If you're able to get it, you know, down to, you know, potentially a year, one year per dose, that would make a huge difference. We do think in this type of market where, you know, patients are going to be the, you know, be on this likely for life, patient convenience is super important. Being able to extend, you know, the half-life from one month to potentially three months, we see that as a big advantage. Another area is, you know, we are seeing better biodistribution, and we're hoping to see really nice target engagement compared to the competitor molecules. We will, yeah, see how that all pans out in the second half of this year. Zach, is there anything else you would add to ABS-101?
I would just say we think we have a very strong profile here, Scott. I mean, if you saw the NHP data that we released here a few months ago, you can see the PD looks fantastic. We've got prolonged target engagement, and we've got a really good biodistribution around the molecule. In addition to half-life, we think we have a number of other differentiating features versus the first-gen programs.
Yeah.
Oh, Scott, I think you're on mute.
Yeah.
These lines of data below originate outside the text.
lemma card_mult_rank_le_Diff_basis:
  assumes X: "X \<subseteq> E - B"
  shows "card X * rank indep E \<le> (card E - rank indep E) * rank indep X"
proof -
  define r n k where "r = rank indep E" and "n = card E" and "k = rank indep X"
  have X_E: "X \<subseteq> E"
    using X by blast
  have card_E_B: "card (E - B) = n - r"
    using card_Diff_basis[OF basis_B] unfolding r_def n_def .
  have "k \<le> r"
    using rank_mono[OF X_E] unfolding k_def r_def .
  then consider "k = r" | "k < r" "card X < r" | "k < r" "r - 1 \<le> card X"
    by linarith
  then have "card X * r \<le> (n - r) * k"
  proof cases
    case 1
    have "card X \<le> n - r"
      using card_mono[OF _ X] finite_E card_E_B by simp
    with 1 show ?thesis
      by (simp add: mult.commute)
  next
    case 2
    then have "indep X"
      using indep_of_card_less_rank[OF X_E] unfolding r_def by blast
    then have "card X \<le> k"
      using card_le_rank[OF order_refl] unfolding k_def by blast
    moreover have "r \<le> n - r"
      using card_E_ge unfolding r_def n_def by linarith
    ultimately show ?thesis
      by (metis mult.commute mult_le_mono)
  next
    case 3
    then have "nonspanning X"
      using X_E unfolding nonspanning_def k_def r_def by blast
    then have "k = r - 1" and "card (X - B) \<le> excess B"
      using nonspanning_rank 3(2) card_Diff_le_excess unfolding k_def r_def by blast+
    moreover have "X - B = X"
      using X by blast
    ultimately have "card X * r \<le> (r - 1) * (n - r)"
      using small_excess unfolding r_def n_def by (metis mult.commute mult_le_mono1 order_trans)
    then show ?thesis
      using \<open>k = r - 1\<close> by (simp add: mult.commute)
  qed
  then show ?thesis
    unfolding r_def n_def k_def .
qed

lemma gamma_del_basis:
  "gamma (E - B) (del_indep E indep B) = beta (del_indep E indep B) (E - B)"
proof (rule gamma_eqI)
  show "finite (E - B)"
    using finite_E by blast
  have "card (E - B) \<noteq> 0"
    using card_Diff_basis[OF basis_B] card_E_ge by linarith
  then show "E - B \<noteq> {}"
    by (metis card.empty)
  fix X assume X: "X \<subseteq> E - B" "X \<noteq> {}"
  have rank_X: "0 < rank indep X"
    using X rank_ge_3 by (intro rank_pos) auto
  have rank_E_B: "0 < rank indep (E - B)"
    using rank_Diff_basis rank_ge_3 by linarith
  have "card X * rank indep (E - B) \<le> card (E - B) * rank indep X"
    using card_mult_rank_le_Diff_basis[OF X(1)] rank_Diff_basis card_Diff_basis[OF basis_B]
    by simp
  then have "beta indep X \<le> beta indep (E - B)"
    using beta_le_beta_iff[OF rank_X rank_E_B] by blast
  then show "beta (del_indep E indep B) X \<le> beta (del_indep E indep B) (E - B)"
    using X(1) by (simp add: beta_del_indep)
qed

end

end

end

theorem proposition1:
  fixes E :: "'a set" and indep :: "'a set \<Rightarrow> bool"
  assumes "matroid E indep"
    and "paving E indep"
    and "gamma E indep = beta indep E"
    and "card E \<ge> 2 * rank indep E + 2"
    and "rank indep E \<ge> 3"
  shows "\<exists>B. basis E indep B \<and>
             gamma (E - B) (del_indep E indep B) = beta (del_indep E indep B) (E - B) \<and>
             rank (del_indep E indep B) (E - B) = rank indep E"
proof -
  interpret paving_matroid E indep
    by unfold_locales (fact assms)+
  obtain B where B: "indep B" "card B = rank indep E"
    "rank indep E * excess B \<le> (rank indep E - 1) * (card E - rank indep E)"
    by (rule obtain_basis_small_excess[OF assms(3-5)])
  show ?thesis
  proof (intro exI conjI)
    show "basis E indep B"
      by (rule basisI_card[OF B(1,2)])
    show "gamma (E - B) (del_indep E indep B) = beta (del_indep E indep B) (E - B)"
      by (rule gamma_del_basis[OF assms(3-5) B])
    show "rank (del_indep E indep B) (E - B) = rank indep E"
      using rank_Diff_basis[OF assms(3-5) B] by (simp add: rank_del_indep)
  qed
qed

end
And then, Zach, I guess a follow-up. How do you think about the—and maybe Sean too—how do you think about the exit strategy of 101 versus 201?
Yeah, Sean, you want me to take that one?
Yeah, go for it.
Yeah, look, Scott, I would say we have active discussions today around that program. I think we're really looking forward to that phase I interim readout. We believe that if that looks like what we showed in NHPs, we're going to be in a very good position with a highly differentiated program.
Great. I guess let's move to ABS-301 now. It's a potential first-in-class antibody. It's undisclosed, but it's an oncology target. You know, maybe where—what—let's talk about the next readouts and advancements in the clinic for that one. And, yeah, any more color you might like to share on 301.
Yeah, so, ABS-301 came from a reverse immunology platform, based on tertiary lymphoid structures. What we've been able to see is that the antibody repertoire in tertiary lymphoid structures is very different than what you see in peripheral blood. We've been able to take patient samples and, in the case of ABS-301, discover a new novel IO target. We actually just released data yesterday, showing really nice target validation. When you take the activator or the agonist in this particular pathway and you overexpress it in these in vivo models, you are able to show that you can get a very, very strong anti-tumor response. We believe that, again, this is a really strong validation of this particular target as well as the overall path.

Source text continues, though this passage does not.